When he’s not toasting escapism, our tireless editor Mark Glaser has been asking why reporting costs so much. I can’t tell you much about investigative reporting (a $400,000 product of which started the conversation), except to say that six figure salaries do add up. But I can tell you that when it comes to local reporting, improved access to information could make a big dent in the expense of getting a story written.

If you want to take a look at distribution of discretionary funds by the New York City Council, you have to start with a 400-page PDF full of tables of information. And then you need someone on hand who knows how to pull tables from a PDF into a workable spreadsheet. That, or you need a pencil sharpener and a calculator. And while highlighters and pencil sharpeners are not blowing holes in anyone’s reporting budget, the hours required to process this information certainly are. The situation is absurd: this information started out in a database and there’s no reason that anyone — whether they’re a reporter, civic gadfly or deli manager — should have to jump through hoops to put it back into a database.

Of course, those hoops are just for information the city already makes public. If you want to know where pedestrians are being hit by cars, or how parking placards are distributed in a city where curbside space is valuable and abuse of parking privileges is well documented, you’d better know who has that data and have someone on hand who can write an iron tight FOIL request. Want to know about the distribution of lead poisoning cases in the city? For that you’ll need lawyers.
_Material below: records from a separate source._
theorem theorem3p4:
  fixes T C D :: nat and v :: real and p :: "nat \<Rightarrow> real" and fl obs :: "nat \<Rightarrow> bool"
  assumes "D = nat \<lceil>log 2 (real T)\<rceil>"
    and "0 \<le> v" and "v < 1"
    and "\<forall>t. 0 \<le> p t \<and> p t \<le> 1"
    and "corruptions D p fl obs v T \<le> C"
  shows "real (n_fail_false D fl obs v T) \<le> real D + real C + real (n_fail_true D fl obs v T)
       \<and> regret D p fl obs v T \<le> (\<Sum>l\<in>leaves D. leaf_regret D p fl obs v T l)
           + 3 * real D + 6 * real C + 3 * real (n_fail_true D fl obs v T)"
proof
  show "real (n_fail_false D fl obs v T) \<le> real D + real C + real (n_fail_true D fl obs v T)"
    using false_fails_le[OF assms(2,3), of D fl obs T p] assms(5) by linarith
next
  have "real (card {t. t < T \<and> \<not> committing fl (state D fl obs t) t})
      \<le> 3 * real D + 6 * real C + 3 * real (n_fail_true D fl obs v T)"
    using card_noncommitting_rounds_le[OF assms(2,3), of T fl D obs p] assms(5) by linarith
  moreover have "\<forall>t. 0 \<le> p t"
    using assms(4) by blast
  then have "regret D p fl obs v T \<le> (\<Sum>l\<in>leaves D. leaf_regret D p fl obs v T l)
      + card {t. t < T \<and> \<not> committing fl (state D fl obs t) t}"
    using regret_le_leaf_regrets_plus_noncommitting assms(3) by blast
  ultimately show "regret D p fl obs v T \<le> (\<Sum>l\<in>leaves D. leaf_regret D p fl obs v T l)
      + 3 * real D + 6 * real C + 3 * real (n_fail_true D fl obs v T)"
    by linarith
qed

end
FOILs take time, which means money. Lawyers, too, tend to want money for their time. One way to make information cheaper is to step up the data requirements in local transparency laws. New York City is considering legislation that would amend existing public records laws to require that information be made available and that it “be presented and structured in a format that permits automated processing.” That is to say, raw data. Just publish it — don’t make us ask.

With the law itself lingering in committee, the mayor’s office announced a competition, NYC Big Apps, for applications that will use city data. Perhaps the idea is to deflect attention from the bill, which the mayor is no fan of. The contest, which offers a prize that includes dinner with the mayor, is not really a substitute for making data available.

Steve Romalewski, a pioneer of web-based GIS and community mapping projects, is also skeptical of the contest. He notes that it offers no explicit guarantee that any datasets will be fully available for the long haul, and that no one has offered any explanation of why just 80 data sets are included.

Romalewski also rattles off a good list of datasets that are currently only available on a per-request basis — which means, among other things, that you need to know they are there. His list includes the types and locations of small businesses, green spaces, recreational spaces and housing violations, as well as interim multiple dwellings (aka lofts) throughout the city. He also points out that land use data currently must be licensed from the city at a rate of $1,500 per year if you want all five boroughs: not a trivial expense to small projects like Gotham Gazette.

Romalewski argues that we shouldn’t have to ask for data—that most of what city agencies aggregate belongs in the public domain. I’m with him there, and curious as I am to see what comes out of NYC Big Apps, I’m not convinced that the contest going to help put city data in the public domain in New York City.

I don’t know whether or not the legislation currently sitting in committee is the answer we need, but I do know that New York City is not alone in needing far better access to the data that civil servants use and aggregate in the course of their work. I also don’t think that simply providing us with the raw data is enough — but at least it’s the bare minimum we need to fill the role of government watchdog.

By the way, if you want that list of under-publicized city data, skip to the comments in Romalewski’s post.